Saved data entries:
..........
(* Let $T$ be a c.n.u. contraction on $H$. For $\lambda\in\mathbb{C}$ let $W_\lambda=\{(x,\lambda x):x\in H\}\subseteq\mathbb{H}$ and $N_\lambda=W_\lambda\cap A_T^{\perp_s}$. Then for $|\lambda|<1$, $$N_\lambda=\{((I-\lambda T^* )^{-1}f,\ \lambda(I-\lambda T^* )^{-1}f): f\in\mathbb{K}^\perp\},$$ and for $|\lambda|>1$, $$N_\lambda=\{((\lambda-T)^{-1}f,\ \lambda(\lambda-T)^{-1}f): f\in\mathbb{K}_*^\perp\}.$$
   Context: $H$ is an infinite-dimensional separable complex Hilbert space; $T\in\mathbb{B}(H)$ with $\|T\|\le1$ is completely non-unitary (no nonzero invariant subspace on which $T$ is unitary). $\mathbb{K}=\ker(I-T^*T)$, $\mathbb{K}_*=\ker(I-TT^* )$. $\mathbb{H}=H\oplus_\perp H$ with $[(x_1,x_2),(y_1,y_2)]=i(x_1,y_1)_H-i(x_2,y_2)_H$; $S^{\perp_s}=\{a:[a,b]=0\ \forall b\in S\}$; $A_T=\{(x,Tx):x\in\mathbb{K}\}$. *)

theory Defs
  imports "HOL-Analysis.Analysis"
begin

class complex_inner_space = real_normed_vector +
  fixes scaleC :: "complex \<Rightarrow> 'a \<Rightarrow> 'a"
    and cinner :: "'a \<Rightarrow> 'a \<Rightarrow> complex"
  assumes scaleC_add_right: "scaleC a (x + y) = scaleC a x + scaleC a y"
    and scaleC_add_left: "scaleC (a + b) x = scaleC a x + scaleC b x"
    and scaleC_scaleC: "scaleC a (scaleC b x) = scaleC (a * b) x"
    and scaleC_one: "scaleC 1 x = x"
    and scaleR_scaleC: "scaleR r x = scaleC (complex_of_real r) x"
    and cinner_add_left: "cinner (x + y) z = cinner x z + cinner y z"
    and cinner_scaleC_left: "cinner (scaleC a x) y = a * cinner x y"
    and cinner_commute: "cinner y x = cnj (cinner x y)"
    and cinner_self_norm: "cinner x x = complex_of_real ((norm x)\<^sup>2)"

definition cspan :: "'a::complex_inner_space set \<Rightarrow> 'a set" where
  "cspan S = {(\<Sum>v\<in>F. scaleC (c v) v) | F c. finite F \<and> F \<subseteq> S}"

definition bounded_clinear_op :: "('a::complex_inner_space \<Rightarrow> 'a) \<Rightarrow> bool" where
  "bounded_clinear_op T \<longleftrightarrow>
     (\<forall>x y. T (x + y) = T x + T y) \<and> (\<forall>c x. T (scaleC c x) = scaleC c (T x)) \<and>
     (\<exists>K. \<forall>x. norm (T x) \<le> norm x * K)"

definition cadjoint :: "('a::complex_inner_space \<Rightarrow> 'a) \<Rightarrow> ('a \<Rightarrow> 'a)" where
  "cadjoint T = (\<lambda>y. THE z. \<forall>x. cinner (T x) y = cinner x z)"

definition contraction :: "('a::complex_inner_space \<Rightarrow> 'a) \<Rightarrow> bool" where
  "contraction T \<longleftrightarrow> bounded_clinear_op T \<and> (\<forall>x. norm (T x) \<le> norm x)"

definition csubspace :: "'a::complex_inner_space set \<Rightarrow> bool" where
  "csubspace M \<longleftrightarrow> 0 \<in> M \<and> (\<forall>x\<in>M. \<forall>y\<in>M. x + y \<in> M) \<and> (\<forall>c. \<forall>x\<in>M. scaleC c x \<in> M)"

definition completely_non_unitary :: "('a::complex_inner_space \<Rightarrow> 'a) \<Rightarrow> bool" where
  "completely_non_unitary T \<longleftrightarrow>
     \<not> (\<exists>M. csubspace M \<and> closed M \<and> M \<noteq> {0} \<and> T ` M = M \<and> (\<forall>x\<in>M. norm (T x) = norm x))"

definition orth_compl :: "'a::complex_inner_space set \<Rightarrow> 'a set" where
  "orth_compl S = {y. \<forall>x\<in>S. cinner x y = 0}"

definition defect_K :: "('a::complex_inner_space \<Rightarrow> 'a) \<Rightarrow> 'a set" where
  "defect_K T = {x. x - cadjoint T (T x) = 0}"

definition defect_K_star :: "('a::complex_inner_space \<Rightarrow> 'a) \<Rightarrow> 'a set" where
  "defect_K_star T = {x. x - T (cadjoint T x) = 0}"

definition sform :: "'a::complex_inner_space \<times> 'a \<Rightarrow> 'a \<times> 'a \<Rightarrow> complex" where
  "sform a b = \<i> * cinner (fst a) (fst b) - \<i> * cinner (snd a) (snd b)"

definition s_orth :: "('a::complex_inner_space \<times> 'a) set \<Rightarrow> ('a \<times> 'a) set" where
  "s_orth S = {a. \<forall>b\<in>S. sform a b = 0}"

definition A_T :: "('a::complex_inner_space \<Rightarrow> 'a) \<Rightarrow> ('a \<times> 'a) set" where
  "A_T T = {(x, T x) | x. x \<in> defect_K T}"

definition W_lam :: "complex \<Rightarrow> ('a::complex_inner_space \<times> 'a) set" where
  "W_lam l = {(x, scaleC l x) | x. True}"

definition N_lam :: "('a::complex_inner_space \<Rightarrow> 'a) \<Rightarrow> complex \<Rightarrow> ('a \<times> 'a) set" where
  "N_lam T l = W_lam l \<inter> s_orth (A_T T)"

end

theory Submission
  imports Defs
begin

text \<open>A point of \<open>N\<^sub>\<lambda>\<close> is a pair \<open>(x, \<lambda>x)\<close> with \<open>(x, k) = \<lambda> (x, Tk)\<close> for all \<open>k \<in> \<bbbK>\<close>.
  Moving \<open>T\<close> across the inner product turns this into \<open>x - \<lambda>T\<^sup>*x \<bottom> \<bbbK>\<close>; since \<open>T\<close> maps
  \<open>\<bbbK>\<close> onto \<open>\<bbbK>\<^sub>*\<close> with inverse \<open>T\<^sup>*\<close>, it is also equivalent to \<open>\<lambda>x - Tx \<bottom> \<bbbK>\<^sub>*\<close>.
  As \<open>\<parallel>T\<parallel> = \<parallel>T\<^sup>*\<parallel> \<le> 1\<close>, the operators \<open>I - \<lambda>T\<^sup>*\<close> for \<open>|\<lambda>| < 1\<close> and \<open>\<lambda> - T\<close> for \<open>|\<lambda>| > 1\<close>
  are bijective by the contraction principle, so \<open>N\<^sub>\<lambda>\<close> is the image of the respective
  orthogonal complement under their inverses. The adjoint exists by the Riesz representation theorem, which is proved from the
  existence of nearest points in closed subspaces.\<close>

section \<open>Complex inner product spaces\<close>

lemma mult_cnj_eq_cmod_sq: "z * cnj z = complex_of_real ((cmod z)\<^sup>2)"
  by (simp add: complex_mult_cnj cmod_power2)
(* Let $(x_n)_{n\ge1}$ be a sequence of real numbers, $L\in\mathbb{R}$ and $\sigma\in\,]0,1]$. Then $i(x_n;L)\ge\sigma$ if and only if there exists a subsequence $(x_{k(n)})_{n\ge1}$ (with $k:\mathbb N\to\mathbb N$ strictly increasing) converging to $L$ such that \[ \delta_-\big(\{k(n)\mid n\in\mathbb N\}\big)\ge\sigma . \]
   Context: Let $\mathbb N=\{1,2,\dots\}$. For $K\subseteq\mathbb N$ the lower and upper densities are $\delta_-(K)=\liminf_{n\to\infty}\frac{|K\cap\{1,\dots,n\}|}{n}$ and $\delta_+(K)=\limsup_{n\to\infty}\frac{|K\cap\{1,\dots,n\}|}{n}$; when they coincide, their common value is the density $\delta(K)$. For a real sequence $(x_n)_{n\ge1}$ and $L\in\mathbb R$, the index of convergence of $(x_n)$ to $L$ is \[ i(x_n;L)=1-\sup_{\varepsilon>0}\delta_+\big(\{n\in\mathbb N\mid |x_n-L|\ge\varepsilon\}\big)=\inf_{\varepsilon>0}\delta_-\big(\{n\in\mathbb N\mid |x_n-L|<\varepsilon\}\big). \] *)

theory Defs
  imports "HOL-Analysis.Analysis"
begin

definition count_ratio :: "nat set \<Rightarrow> nat \<Rightarrow> real" where
  "count_ratio K n = real (card (K \<inter> {1..n})) / real n"

definition lower_density :: "nat set \<Rightarrow> real" where
  "lower_density K = real_of_ereal (liminf (\<lambda>n. ereal (count_ratio K n)))"

definition upper_density :: "nat set \<Rightarrow> real" where
  "upper_density K = real_of_ereal (limsup (\<lambda>n. ereal (count_ratio K n)))"

definition conv_index :: "(nat \<Rightarrow> real) \<Rightarrow> real \<Rightarrow> real" where
  "conv_index x L = 1 - (SUP \<epsilon>\<in>{0<..}. upper_density {n. n \<ge> 1 \<and> \<bar>x n - L\<bar> \<ge> \<epsilon>})"

end

theory Submission
  imports Defs
begin

(* Write B(e) = {n >= 1. |x n - L| < e}.  The proof rests on a reformulation
   of the index of convergence: i(x;L) >= sigma iff every B(e), e > 0, has
   lower density >= sigma.  This follows by complementation, since
   {n >= 1. |x n - L| >= e} and B(e) partition {1..n}, together with a
   characterisation of lower/upper density bounds by eventual bounds on the
   counting ratios (first two sections).
   Backward direction: the range of a subsequence converging to L lies in B(e)
   up to finitely many elements, and such finite perturbations cannot lower
   the lower density.
   Forward direction: a diagonal argument turns the decreasing family
   B(1) \<supseteq> B(1/2) \<supseteq> B(1/3) ..., each of lower density >= sigma, into a single
   set K of lower density >= sigma with K - B(1/j) finite for every j.  Since
   sigma > 0, K is infinite, and its increasing enumeration is the required
   subsequence. *)

section \<open>Counting ratios and densities\<close>

lemma count_ratio_bounds: "0 \<le> count_ratio K n \<and> count_ratio K n \<le> 1"
proof -
  have "card (K \<inter> {1..n}) \<le> card {1..n}" by (rule card_mono) auto
  then have "real (card (K \<inter> {1..n})) \<le> real n" by simp
  then show ?thesis unfolding count_ratio_def
    by (cases "n = 0") (auto simp: divide_le_eq_1)
qed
..........
_DIRECTIONS FOR THIS TASK_
Please copy each line of the records above in which the word "inter" can be found.

_TASK ANSWER_
  "N_lam T l = W_lam l \<inter> s_orth (A_T T)"
  "count_ratio K n = real (card (K \<inter> {1..n})) / real n"
  have "card (K \<inter> {1..n}) \<le> card {1..n}" by (rule card_mono) auto
  then have "real (card (K \<inter> {1..n})) \<le> real n" by simp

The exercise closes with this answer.